Image from the “Climate Choices” report “Confronting Climate Change in the U.S. Northeast.”

A powerful storm surge could put some of Boston’s most beloved landscapes under water if global warming isn’t addressed, according to state elected officials.

“Many of Boston’s neighborhoods and landmarks are built in areas that are highly susceptible to flooding and extreme weather. As temperatures and sea levels rise, and storms become more severe, many of Boston’s best-known landmarks will be threatened,” said Congressman Ed Markey, during a press conference this week to address the ongoing climate changes New England is facing.

Markey said areas like North Station, Fan Pier, and Quincy Market could get gobbled up by water overtime as Massachusetts feels the devastating impacts of climate change and the extreme weather as a result.

He said Massachusetts, on average, loses 2.8 million square feet of land each year due to rising sea levels—a rate that is three to four times higher than the global average.

“Global warming isn’t a distant threat to Massachusetts,” said Markey. “It is our reality right now.”

Markey, who was joined by representatives from the New England Aquarium, as well as Doctor Ellen Douglas, a professor at UMass Boston and an expert on the issue of global warming, said the changes are not only affecting Boston’s land, but also its economy.

“Increased food prices from the [national] drought act like an extreme weather food tax on every single American and it’s hitting people where it hurts the most in Massachusetts—in the wallet,” he said. “Even if the heat wave has broken in your state your cupboard may be emptier as you have to make hard choices at the grocery store.”

July was the hottest recorded month in the 48 states since record keeping began in 1895, and follows 2011, when the country experienced a record-breaking 14 weather disasters each causing billions in damage.

Mild winters are also allegedly causing negative effects to trickle down the chain.

With New England winters four degrees warmer on average— something Markey called “a phenomenon that’s moving at an intensifying rate”—more rodents are able to breed.

In Somerville, officials have been battling a rat infestation in certain neighborhoods; partly do to nests not being killed off by the bitter winter storms.

“The mild winter has had an effect because you don’t get the big weather die-off that usually happens,” said Somerville City Spokesman Tom Champion.
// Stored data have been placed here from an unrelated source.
(* The set $\mathbb F_0$ of origami numbers is a subfield of $\mathbb R$, and it is closed under the operation $\alpha\mapsto\sqrt{1+\alpha^2}$: if $\alpha\in\mathbb F_0$ then $\sqrt{1+\alpha^2}\in\mathbb F_0$.
   Context: An origami pair is a pair $(\mathcal P,\mathcal L)$ where $\mathcal P\subset\mathbb R^2$ is a set of points and $\mathcal L$ is a collection of lines in $\mathbb R^2$ such that: (i) the intersection point of any two non-parallel lines of $\mathcal L$ lies in $\mathcal P$; (ii) for any two distinct points of $\mathcal P$, the line through them is in $\mathcal L$; (iii) for any two distinct points of $\mathcal P$, the perpendicular bisector of the segment joining them is in $\mathcal L$; (iv) if $L_1,L_2\in\mathcal L$, then every line equidistant from $L_1$ and $L_2$ is in $\mathcal L$ (the midline if they are parallel, the angle bisectors if they intersect); (v) if $L_1,L_2\in\mathcal L$, then the mirror reflection of $L_2$ across $L_1$ is in $\mathcal L$. A set $\mathcal P\subset\mathbb R^2$ is closed under origami constructions if there is a collection of lines $\mathcal L$ with $(\mathcal P,\mathcal L)$ an origami pair. The set of origami constructible points is $\mathcal P_0=\bigcap\{\mathcal P : (0,0),(0,1)\in\mathcal P \text{ and } \mathcal P \text{ is closed under origami constructions}\}$. The set of origami numbers is $\mathbb F_0=\{\alpha\in\mathbb R : \exists v_1,v_2\in\mathcal P_0,\ |\alpha|=\operatorname{dist}(v_1,v_2)\}$. *)

theory Defs
  imports "HOL-Analysis.Analysis"
begin

type_synonym point = "real \<times> real"

definition line_eq :: "real \<Rightarrow> real \<Rightarrow> real \<Rightarrow> point set" where
  "line_eq a b c = {(x, y). a * x + b * y = c}"

definition is_line :: "point set \<Rightarrow> bool" where
  "is_line L \<longleftrightarrow> (\<exists>a b c. (a, b) \<noteq> (0, 0) \<and> L = line_eq a b c)"

definition line_through :: "point \<Rightarrow> point \<Rightarrow> point set" where
  "line_through p q = {((1 - t) * fst p + t * fst q, (1 - t) * snd p + t * snd q) | t. True}"

definition perp_bisector :: "point \<Rightarrow> point \<Rightarrow> point set" where
  "perp_bisector p q = {z. dist z p = dist z q}"

definition reflect_pt :: "real \<Rightarrow> real \<Rightarrow> real \<Rightarrow> point \<Rightarrow> point" where
  "reflect_pt a b c z =
     (let t = (a * fst z + b * snd z - c) / (a\<^sup>2 + b\<^sup>2)
      in (fst z - 2 * a * t, snd z - 2 * b * t))"

text \<open>A line M equidistant from two distinct lines L1, L2: every point of M has the same
  distance to L1 and to L2 (midline if parallel, angle bisectors if intersecting).\<close>
definition equidistant_line :: "point set \<Rightarrow> point set \<Rightarrow> point set \<Rightarrow> bool" where
  "equidistant_line L1 L2 M \<longleftrightarrow> is_line M \<and> (\<forall>z\<in>M. infdist z L1 = infdist z L2)"

definition origami_pair :: "point set \<Rightarrow> point set set \<Rightarrow> bool" where
  "origami_pair P \<L> \<longleftrightarrow>
     (\<forall>L\<in>\<L>. is_line L) \<and>
     (\<forall>L1\<in>\<L>. \<forall>L2\<in>\<L>. \<forall>p. L1 \<noteq> L2 \<and> p \<in> L1 \<and> p \<in> L2 \<longrightarrow> p \<in> P) \<and>
     (\<forall>p\<in>P. \<forall>q\<in>P. p \<noteq> q \<longrightarrow> line_through p q \<in> \<L>) \<and>
     (\<forall>p\<in>P. \<forall>q\<in>P. p \<noteq> q \<longrightarrow> perp_bisector p q \<in> \<L>) \<and>
     (\<forall>L1\<in>\<L>. \<forall>L2\<in>\<L>. \<forall>M. L1 \<noteq> L2 \<and> equidistant_line L1 L2 M \<longrightarrow> M \<in> \<L>) \<and>
     (\<forall>L1\<in>\<L>. \<forall>L2\<in>\<L>. \<forall>a b c. (a, b) \<noteq> (0, 0) \<and> L1 = line_eq a b c
         \<longrightarrow> reflect_pt a b c ` L2 \<in> \<L>)"

definition origami_closed :: "point set \<Rightarrow> bool" where
  "origami_closed P \<longleftrightarrow> (\<exists>\<L>. origami_pair P \<L>)"

definition origami_points :: "point set" where
  "origami_points = \<Inter>{P. (0, 0) \<in> P \<and> (0, 1) \<in> P \<and> origami_closed P}"

definition origami_numbers :: "real set" where
  "origami_numbers = {\<alpha>. \<exists>v1\<in>origami_points. \<exists>v2\<in>origami_points. \<bar>\<alpha>\<bar> = dist v1 v2}"

definition real_subfield :: "real set \<Rightarrow> bool" where
  "real_subfield S \<longleftrightarrow> 0 \<in> S \<and> 1 \<in> S \<and>
     (\<forall>x\<in>S. \<forall>y\<in>S. x + y \<in> S \<and> x - y \<in> S \<and> x * y \<in> S) \<and>
     (\<forall>x\<in>S. x \<noteq> 0 \<longrightarrow> inverse x \<in> S)"

end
Champion said the rat problem is worse than previous years, and other factors are in involved, such as people not covering their trash properly.

As for Boston’s neighborhoods going underwater, Douglas said the threat of rising sea levels could cause up to six feet of flooding in South Boston, the Back Bay, Dorchester and some of the South End.

“Climate change is already being observed and observations we are making are very much in line with what scientists have been saying,” said Douglas. “It’s changing the character of New England.”